Author dp272005 Posted August 23, 2010 Author Posted August 23, 2010 the odd thing is, we are both very consistent about making sure the other knows how much they mean, and showing affection and what not, I have always been extremely confident as far as sex is concerned but after the last few years I feel like I have absolutely no clue what I am doing, I am fairly sure that it is something I am doing wrong, or a lot of little somethings I am doing wrong, but I have no idea how to get her to open up and tell me about it, or if she even consciously knows what the problem is.

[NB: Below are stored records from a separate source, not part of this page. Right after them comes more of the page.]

(* Let $A\in\mathbb{R}^{m\times N}$, $\eta\ge 0$, let $x\in\mathbb{R}^N$ be nonzero and $k$-sparse, and let $y=Ax+\varepsilon$ with $\lVert\varepsilon\rVert_2\le\eta$. Let $1<q\le\infty$ and suppose $\rho_{q,3^{q/(q-1)}k}(A)>0$. Then any solution $\hat x$ of $$\min_{z\in\mathbb{R}^N\setminus\{0\}}\frac{\lVert z\rVert_1}{\lVert z\rVert_q}\quad\text{subject to}\quad \lVert y-Az\rVert_2\le\eta$$ obeys $$\lVert\hat x-x\rVert_q\le\frac{2\eta}{\rho_{q,3^{q/(q-1)}k}(A)},\qquad \lVert\hat x-x\rVert_1\le\frac{6k^{1-1/q}\eta}{\rho_{q,3^{q/(q-1)}k}(A)}.$$
   Context: For nonzero $z\in\mathbb{R}^N$ and $q\in(1,\infty)$, $s_q(z)=\left(\lVert z\rVert_1/\lVert z\rVert_q\right)^{q/(q-1)}$, and $s_\infty(z)=\lVert z\rVert_1/\lVert z\rVert_\infty$. For real $s\ge1$ and $q\in(1,\infty]$, the $q$-ratio constrained minimal singular value of $A$ is $\rho_{q,s}(A)=\min\{\lVert Az\rVert_2/\lVert z\rVert_q: z\ne0,\ s_q(z)\le s\}$. For $q=\infty$ interpret $q/(q-1)=1$ and $1-1/q=1$. A vector is $k$-sparse if it has at most $k$ nonzero entries. *)

theory Defs
  imports "HOL-Analysis.Analysis" "HOL-Library.Extended_Real"
begin
lemma M2_jacobsonI:
  assumes a: "a \<in> jacobson R" and d: "d \<in> jacobson R" and b: "b \<in> carrier R" and c: "c \<in> carrier R"
  shows "(a, b, c, d) \<in> jacobson (M2 R s)"
proof (rule M.jacobsonI)
  have aC: "a \<in> carrier R" and dC: "d \<in> carrier R" using a d jacobson_closed by auto
  show "(a, b, c, d) \<in> carrier (M2 R s)" using aC b c dC by simp
  fix Y assume "Y \<in> carrier (M2 R s)"
  then obtain y1 y2 y3 y4 where Y: "Y = (y1, y2, y3, y4)" "y1 \<in> carrier R" "y2 \<in> carrier R"
    "y3 \<in> carrier R" "y4 \<in> carrier R" by (rule M2_carrierE)
  have "y1 \<otimes> a \<oplus> s \<otimes> s \<otimes> y2 \<otimes> c \<in> jacobson R" "s \<otimes> s \<otimes> y3 \<otimes> b \<oplus> y4 \<otimes> d \<in> jacobson R"
    using jacobson_add[OF jacobson_l_mult[OF Y(2) a] jacobson_r_mult[OF jacobson_r_mult[OF ss_jacobson Y(3)] c]]
      jacobson_add[OF jacobson_r_mult[OF jacobson_r_mult[OF ss_jacobson Y(4)] b] jacobson_l_mult[OF Y(5) d]]
    by (simp_all add: m_assoc)
  hence "(\<one> \<ominus> (y1 \<otimes> a \<oplus> s \<otimes> s \<otimes> y2 \<otimes> c), \<zero> \<ominus> (y1 \<otimes> b \<oplus> y2 \<otimes> d),
      \<zero> \<ominus> (y3 \<otimes> a \<oplus> y4 \<otimes> c), \<one> \<ominus> (s \<otimes> s \<otimes> y3 \<otimes> b \<oplus> y4 \<otimes> d)) \<in> Units (M2 R s)"
    using Y aC b c dC by (intro M2_Units_of_diagonal_Units one_minus_jacobson_Units) auto
  moreover have "\<one>\<^bsub>M2 R s\<^esub> \<ominus>\<^bsub>M2 R s\<^esub> Y \<otimes>\<^bsub>M2 R s\<^esub> (a, b, c, d) =
     (\<one> \<ominus> (y1 \<otimes> a \<oplus> s \<otimes> s \<otimes> y2 \<otimes> c), \<zero> \<ominus> (y1 \<otimes> b \<oplus> y2 \<otimes> d),
      \<zero> \<ominus> (y3 \<otimes> a \<oplus> y4 \<otimes> c), \<one> \<ominus> (s \<otimes> s \<otimes> y3 \<otimes> b \<oplus> y4 \<otimes> d))"
    using Y aC b c dC by simp
  ultimately show "M.left_invertible (\<one>\<^bsub>M2 R s\<^esub> \<ominus>\<^bsub>M2 R s\<^esub> Y \<otimes>\<^bsub>M2 R s\<^esub> (a, b, c, d))"
    unfolding M.left_invertible_def using M.Units_l_inv_ex by auto
qed

lemma M2_zero_column_not_left_invertible:
  assumes "x \<in> carrier R" "y \<in> carrier R"
  shows "\<not> M.left_invertible (\<zero>, x, \<zero>, y)" "\<not> M.left_invertible (x, \<zero>, y, \<zero>)"
  using assms one_not_zero unfolding M.left_invertible_def by (auto elim!: M2_carrierE)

norajane Posted August 23, 2010 Posted August 23, 2010 (edited) Before you married, did you ever date someone and then gradually started falling out of love and weren't interested in them sexually anymore? To me, it sounds like that is what has happened here. Your wife doesn't feel passion for you, so sex is just something to get through rather than to enjoy. You have become familiar, and she has become complacent. She loves you, but doesn't feel passion for you so isn't interested in sex. This puts both of you in a position where either of you are ripe for an affair. You know how you can add the words "in bed" to any fortune cookie fortune and it's much funnier? You should be able to add "in bed" to your first sentence: My wife and I have been very happily married for 5 years, we are best friends in bed, we can talk in bed, we are open in bed, and generally have a great time together in bed.That's how it was when you married, right? Otherwise you wouldn't have married, right? That you can't say our marriage is great (in bed), says that your marriage is not actually great. Your marriage is in big trouble. Just because all the other stuff is good, doesn't mean that you can sustain a healthy marital relationship without sex. Without sex, all you have is friendship. And you wouldn't have married her for that. So why would you stay married without the sex? I know you've tried talking to her in the past about sex, but have you seriously sat down with her and told her that your marriage is in trouble, that it is getting worse month by month, and that the next step seems to be an affair or divorce? Maybe she needs to wake up and realize that stonewalling you on this topic is going to lead to you walking out on her. Maybe she'll stop taking your marriage for granted, and maybe will want to go to counseling so you two can learn to communicate and find out what is really going on between you. As to your last sentence - you cannot fix this by yourself, and you cannot fix it until she admits there is a problem. Edited August 23, 2010 by norajane
giotto Posted August 23, 2010 Posted August 23, 2010 I did the pressurizing too (getting angry as well, but never physical) and wife got to stage were she would associate sex with a negative thing, so she was never up to it. This will take a long time to heal, if at all. I'm sure you are not pressurizing her anymore, but you really have to change your attitude about sex. Just pretend sex doesn't exist and just ignore it for a while. Maybe a few months. It will be difficult, but don't put her under pressure and don't mention it. She needs to rebuild the trust in you and she needs to believe that a refusal is not going to be another fight. Now, the bad news... This will take time and it might not even work if too much damage has been done to that side of the relationship. My wife is now much better, but we still don't have sex that often (maybe twice a month). I know I've done a lot of damage myself, and I have tried to explain, but the best medicine was to leave her alone for a while... good luck!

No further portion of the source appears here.